* What to work on
What is needed is every line of the material that contains "thesis".

* Dataset entries

# # # #

text \<open>The shift of the \<open>k\<close>-th coordinate permutes the representatives of the intervals
  \<open>I\<^sub>k\<^sub>+\<^sub>1(x)\<close>, fixes \<open>h\<close> and multiplies \<open>r\<^sub>k\<close> by a root of unity \<open>\<omega> \<noteq> 1\<close>; so the average
  of \<open>h r\<^sub>k\<close> equals \<open>\<omega>\<close> times itself.\<close>

lemma integral_mult_rademacher_eq_0:
  fixes h :: "(nat \<Rightarrow> nat) \<Rightarrow> complex"
  assumes m2: "\<And>k. 2 \<le> m k" and h: "depends_on_prefix m k h"
  shows "integral\<^sup>L (Gm m) (\<lambda>x. h x * rademacher m k x) = 0"
proof -
  have m: "0 < m j" for j using m2[of j] by simp
  let ?P = "prefix_points m (Suc k)"
  let ?F = "\<lambda>x. h x * rademacher m k x"
  define \<omega> where "\<omega> = cis (2 * pi / real (m k))"
  have bij: "bij_betw (coord_shift m k) ?P ?P"
    using m by (rule bij_betw_coord_shift) simp
  have F_shift: "?F (coord_shift m k z) = \<omega> * ?F z" if "z \<in> ?P" for z
  proof -
    have "z \<in> space (Gm m)" "coord_shift m k z \<in> space (Gm m)"
      using that bij_betw_apply[OF bij that] by (simp_all add: prefix_points_def)
    then have "h (coord_shift m k z) = h z"
      by (intro depends_on_prefixD[OF h]) (simp_all add: coord_shift_def)
    then show ?thesis
      by (simp add: rademacher_coord_shift[of m k, OF m] \<omega>_def)
  qed
  have "(\<Sum>z\<in>?P. ?F z) = (\<Sum>z\<in>?P. ?F (coord_shift m k z))"
    using sum.reindex_bij_betw[OF bij, of ?F] by simp
  also have "\<dots> = \<omega> * (\<Sum>z\<in>?P. ?F z)"
    by (simp add: F_shift sum_distrib_left)
  finally have "(1 - \<omega>) * (\<Sum>z\<in>?P. ?F z) = 0"
    by (simp add: algebra_simps)
  moreover have "\<omega> \<noteq> 1"
    unfolding \<omega>_def by (rule cis_2pi_div_neq_1[OF m2])
  moreover have F: "depends_on_prefix m (Suc k) ?F"
    using depends_on_prefix_mono[OF h] depends_on_prefix_rademacher
    by (intro depends_on_prefix_mult) simp_all
  ultimately show ?thesis
    using integral_depends_on_prefix[of m, OF m F] by simp
qed

section \<open>The characters \<open>\<psi>\<^sub>i\<close> for \<open>i \<le> M\<^sub>k\<close>\<close>

lemma Mk_Suc: "Mk m (Suc j) = m j * Mk m j"
  by (simp add: Mk_def)

lemma Mk_split:
  assumes "j \<le> k"
  shows "Mk m k = Mk m j * prod m {j..<k}"
proof -
  have "{..<k} = {..<j} \<union> {j..<k}"
    using assms by auto
  then show ?thesis
    unfolding Mk_def by (simp add: prod.union_disjoint ivl_disj_int)
qed

lemma strict_mono_Mk:
  assumes "\<And>k. 2 \<le> m k"
  shows "strict_mono (Mk m)"
proof (rule strict_mono_Suc_iff[THEN iffD2], intro allI)
  fix j
  have "0 < Mk m j" using assms by (intro Mk_pos) (metis less_le_trans pos2)
  then show "Mk m j < Mk m (Suc j)"
    using assms[of j] by (simp add: Mk_Suc)
qed

lemma less_Mk:
  assumes "\<And>k. 2 \<le> m k"
  shows "j < Mk m j"
proof (induction j)
  case 0
  then show ?case by (simp add: Mk_def)
next
  case (Suc j)
  then show ?case
    using strict_monoD[OF strict_mono_Mk[of m, OF assms], of j "Suc j"] by simp
qed

lemma digit_eq_0_if_less_Mk:
  assumes "\<And>k. 2 \<le> m k" and "i < Mk m k" and "k \<le> j"
  shows "digit m i j = 0"
  using assms strict_mono_less_eq[OF strict_mono_Mk[of m, OF assms(1)], of k j]
  by (simp add: digit_def)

# # # #

* Your solution
    then show ?thesis
  ultimately show ?thesis
  then show ?thesis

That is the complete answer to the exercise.